*WORK REQUIRED*
Each line below that contains "equation" should be counted. Give only the total.

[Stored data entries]

(* Let $w\in\{a,b\}^*$, $|w|=n>1$, be conjugate to a Christoffel word, and let $p=|w|_a$ (so $\gcd(p,n)=1$). Fix $1\le k\le m<n$ and an ordered partition $P_k=(p_1,\dots,p_k)$ of $m$. Let $s_0=0$, $s_\ell=p_1+\dots+p_\ell$ for $1\le\ell\le k$, and let $i_\ell$ be the least nonnegative residue of $s_\ell p$ modulo $n$. These $k+1$ residues are distinct; list them in increasing order as $0=r_0<r_1<\dots<r_k$, set $r_{k+1}=n$, and let $\pi_\ell=r_{\ell+1}-r_\ell$ for $0\le\ell\le k$, so that $\Pi=(\pi_0,\dots,\pi_k)$ is an ordered partition of $n$ into $k+1$ parts. Order the $k+1$ varieties of $\mathcal{F}_{(m,k)}$ as $\lambda_0,\dots,\lambda_k$ according to the lexicographic order of their elements (the lexicographically least element of $\lambda_{\ell}$ precedes that of $\lambda_{\ell+1}$). Then the multiplicity of $\lambda_\ell$ is $\pi_\ell$ for each $0\le\ell\le k$. (For example, for $w=aaabaab$ and $P_3=(1,2,1)$, $\Pi=(1,4,1,1)$.)
   Context: Alphabet $\{a<b\}$ with lexicographic order. $|u|_x$ denotes the number of occurrences of the letter $x$ in $u$. For $|w|=n$ and $1\le m<n$, the multiset $\mathcal{F}_m$ of circular factors of length $m$ of $w$ is the multiset of the length-$m$ prefixes of the $n$ rotations of $w$ (equivalently, the $n$ factors of length $m$ of the prefix of length $n+m-1$ of $ww$, counted with starting positions). Given an ordered partition $P_k=(p_1,\dots,p_k)$ of $m$ (positive integers summing to $m$), $\mathcal{F}_{(m,k)}$ is the multiset of the $u\in\mathcal{F}_m$ written as $u=u_1\cdots u_k$ with $|u_i|=p_i$. The height profile of $u$ is $\langle |u_1|_b,\dots,|u_k|_b\rangle$; partitioned factors of equal height profile are of the same variety; the multiplicity of a variety is the number of elements of the multiset $\mathcal{F}_{(m,k)}$ in it. A lower Christoffel word of slope $q/p$ with $p,q\ge1$, $\gcd(p,q)=1$, $n=p+q$, is $w_0\cdots w_{n-1}$ where $w_i=a$ if $((i+1)q\bmod n)>(iq\bmod n)$ and $w_i=b$ otherwise; a Christoffel word (of length $>1$) is a lower Christoffel word or its reversal; conjugate means rotation. It is known (Theorem card) that $\mathcal{F}_{(m,k)}$ has exactly $k+1$ varieties, each forming a block of lexicographically consecutive elements. *)

theory Defs
  imports Main "HOL-Library.Multiset"
begin
(* Let $G$ be a strongly connected network on $\mathcal{V}$ with random-walk transition matrix $P=[p_{ij}]$, stationary distribution $\pi$, and edge cost matrix $W=[w_{ij}]$. Let $L=\Pi(I-P)$ with $\Pi=\mathrm{diag}(\pi)$ and $L^+$ its Moore–Penrose pseudo-inverse. Let $r_m=\sum_{k} p_{mk}w_{mk}$ and $g_m=r_m\pi_m$. Then for all $i,j\in\mathcal{V}$ the hitting cost and commute cost satisfy $$\mathbb{U}_{ij}=\sum_m (L^+_{im}-L^+_{jm}+L^+_{jj}-L^+_{ij})\,g_m,$$ $$\mathbb{C}_{ij}=(L^+_{ii}+L^+_{jj}-L^+_{ij}-L^+_{ji})\sum_m g_m.$$
   Context: A network is a weighted directed graph with nonnegative affinity matrix $A$, $P=D^{-1}A$, $D=\mathrm{diag}(\sum_j a_{ij})$; strongly connected means all nodes mutually reachable. Each edge $(x,y)$ carries cost $w_{xy}$. The hitting cost $\mathbb{U}_{ij}$ is the expected total cost $\sum w_{X_{k-1}X_k}$ of the edges traversed by the random walk started at $i$ up to the first time it hits $j$ (equal to $0$ if $i=j$). The commute cost is $\mathbb{C}_{ij}=\mathbb{U}_{ij}+\mathbb{U}_{ji}$. *)

theory Defs
  imports "HOL-Analysis.Analysis"
begin

definition degree :: "('n::finite \<Rightarrow> 'n \<Rightarrow> real) \<Rightarrow> 'n \<Rightarrow> real" where
  "degree A x = (\<Sum>z\<in>UNIV. A x z)"

definition trans_mat :: "('n::finite \<Rightarrow> 'n \<Rightarrow> real) \<Rightarrow> 'n \<Rightarrow> 'n \<Rightarrow> real" where
  "trans_mat A x y = A x y / degree A x"

definition strongly_connected :: "('n::finite \<Rightarrow> 'n \<Rightarrow> real) \<Rightarrow> bool" where
  "strongly_connected A \<longleftrightarrow> (\<forall>i j. (i, j) \<in> {(x, y). A x y > 0}\<^sup>*)"

definition stationary_dist :: "('n::finite \<Rightarrow> 'n \<Rightarrow> real) \<Rightarrow> ('n \<Rightarrow> real) \<Rightarrow> bool" where
  "stationary_dist P \<pi> \<longleftrightarrow> (\<forall>i. \<pi> i \<ge> 0) \<and> (\<Sum>i\<in>UNIV. \<pi> i) = 1
      \<and> (\<forall>j. (\<Sum>i\<in>UNIV. \<pi> i * P i j) = \<pi> j)"

text \<open>A walk started at i is given by the list ys of the nodes visited after i.
  Its probability and its total edge cost.\<close>
definition walk_prob :: "('n \<Rightarrow> 'n \<Rightarrow> real) \<Rightarrow> 'n \<Rightarrow> 'n list \<Rightarrow> real" where
  "walk_prob P i ys = prod_list (map (\<lambda>(x, y). P x y) (zip (i # ys) ys))"

definition walk_cost :: "('n \<Rightarrow> 'n \<Rightarrow> real) \<Rightarrow> 'n \<Rightarrow> 'n list \<Rightarrow> real" where
  "walk_cost w i ys = sum_list (map (\<lambda>(x, y). w x y) (zip (i # ys) ys))"

definition first_hit_walks :: "'n \<Rightarrow> 'n list set" where
  "first_hit_walks j = {ys. ys \<noteq> [] \<and> last ys = j \<and> j \<notin> set (butlast ys)}"

definition hitting_cost ::
  "('n::finite \<Rightarrow> 'n \<Rightarrow> real) \<Rightarrow> ('n \<Rightarrow> 'n \<Rightarrow> real) \<Rightarrow> 'n \<Rightarrow> 'n \<Rightarrow> real" where
  "hitting_cost A w i j =
     (if i = j then 0
      else (\<Sum>\<^sub>\<infinity>ys\<in>first_hit_walks j. walk_prob (trans_mat A) i ys * walk_cost w i ys))"

definition commute_cost ::
  "('n::finite \<Rightarrow> 'n \<Rightarrow> real) \<Rightarrow> ('n \<Rightarrow> 'n \<Rightarrow> real) \<Rightarrow> 'n \<Rightarrow> 'n \<Rightarrow> real" where
  "commute_cost A w i j = hitting_cost A w i j + hitting_cost A w j i"

definition pinv :: "real^'n^'m \<Rightarrow> real^'m^'n" where
  "pinv M = (THE X. M ** X ** M = M \<and> X ** M ** X = X
                   \<and> transpose (M ** X) = M ** X \<and> transpose (X ** M) = X ** M)"

definition lap :: "('n::finite \<Rightarrow> real) \<Rightarrow> ('n \<Rightarrow> 'n \<Rightarrow> real) \<Rightarrow> real^'n^'n" where
  "lap \<pi> P = (\<chi> i j. \<pi> i * ((if i = j then 1 else 0) - P i j))"

end

theory Submission
  imports Defs
begin

text \<open>
  Fix the target j and write Lp for the pseudo-inverse of L. Both the expected cost of
  reaching j and u(i) = sum_m (Lp_im - Lp_jm + Lp_jj - Lp_ij) g_m vanish at j and solve
  the Poisson equation u(i) = r(i) + sum_k p_ik u(k) for i ~= j: the first by conditioning
  on the first step of the walk, the second because L Lp = I - J/n for the Laplacian of an
  irreducible chain. By the maximum principle this equation has only one solution
  vanishing at j, so the two agree. Finiteness of the expected cost is not free: it follows
  from the same formula with unit costs, which yields a bounded supersolution for the
  expected hitting time.
\<close>

subsection \<open>Walks that hit a node for the first time\<close>

lemma walk_prob_Nil [simp]: "walk_prob P i [] = 1"
  by (simp add: walk_prob_def)

lemma walk_prob_Cons [simp]: "walk_prob P i (k # ys) = P i k * walk_prob P k ys"
  by (simp add: walk_prob_def)

lemma walk_cost_Nil [simp]: "walk_cost w i [] = 0"
  by (simp add: walk_cost_def)

lemma walk_cost_Cons [simp]: "walk_cost w i (k # ys) = w i k + walk_cost w k ys"
  by (simp add: walk_cost_def)

lemma abs_walk_cost_le:
  "(\<And>x y. \<bar>w x y\<bar> \<le> (B::real)) \<Longrightarrow> \<bar>walk_cost w i ys\<bar> \<le> B * length ys"
proof (induction ys arbitrary: i)
  case (Cons k ys)
  have "\<bar>walk_cost w i (k # ys)\<bar> \<le> \<bar>w i k\<bar> + \<bar>walk_cost w k ys\<bar>" by simp
  also have "\<dots> \<le> B + B * length ys" using Cons by (intro add_mono) auto
  finally show ?case by (simp add: algebra_simps)
qed simp

lemma first_hit_walks_unfold:
  "first_hit_walks j = insert [j] (\<Union>k\<in>-{j}. Cons k ` first_hit_walks j)"
proof (intro set_eqI iffI)
  fix ys assume ys: "ys \<in> first_hit_walks j"
  then obtain k zs where ys_eq: "ys = k # zs"
    unfolding first_hit_walks_def by (cases ys) auto
  show "ys \<in> insert [j] (\<Union>k\<in>-{j}. Cons k ` first_hit_walks j)"
  proof (cases "k = j")
    case True
    then have "zs = []" using ys ys_eq unfolding first_hit_walks_def by (cases zs) auto
    then show ?thesis using True ys_eq by simp
  next
    case False
    then have "zs \<in> first_hit_walks j"
      using ys ys_eq unfolding first_hit_walks_def by (cases zs) auto
    then show ?thesis using False ys_eq by auto
  qed
qed (auto simp: first_hit_walks_def)

definition first_hit_walks_upto :: "'n \<Rightarrow> nat \<Rightarrow> 'n list set" where
  "first_hit_walks_upto j l = {ys \<in> first_hit_walks j. length ys \<le> l}"

lemma first_hit_walks_upto_0 [simp]: "first_hit_walks_upto j 0 = {}"
  by (auto simp: first_hit_walks_upto_def first_hit_walks_def)

lemma first_hit_walks_upto_Suc:
  "first_hit_walks_upto j (Suc l) = insert [j] (\<Union>k\<in>-{j}. Cons k ` first_hit_walks_upto j l)"
  unfolding first_hit_walks_upto_def by (subst first_hit_walks_unfold) auto

lemma finite_first_hit_walks_upto [simp]: "finite (first_hit_walks_upto (j::'n::finite) l)"
proof (rule finite_subset)
  show "first_hit_walks_upto j l \<subseteq> {xs. set xs \<subseteq> UNIV \<and> length xs \<le> l}"
    unfolding first_hit_walks_upto_def by auto
qed (rule finite_lists_length_le[OF finite])

lemma has_sum_UN_disjoint_finite:
  fixes f :: "'a \<Rightarrow> 'b::topological_comm_monoid_add"
  assumes "finite K" "\<And>k. k \<in> K \<Longrightarrow> (f has_sum s k) (B k)"
    and "\<And>k k'. k \<in> K \<Longrightarrow> k' \<in> K \<Longrightarrow> k \<noteq> k' \<Longrightarrow> B k \<inter> B k' = {}"
  shows "(f has_sum sum s K) (\<Union>k\<in>K. B k)"
  using assms
proof (induction K rule: finite_induct)
  case (insert x K)
  have "(f has_sum (s x + sum s K)) (B x \<union> (\<Union>k\<in>K. B k))"
    by (rule has_sum_Un_disjoint) (use insert in auto)
  then show ?case using insert by simp
qed simp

*FINISHED TASK*
2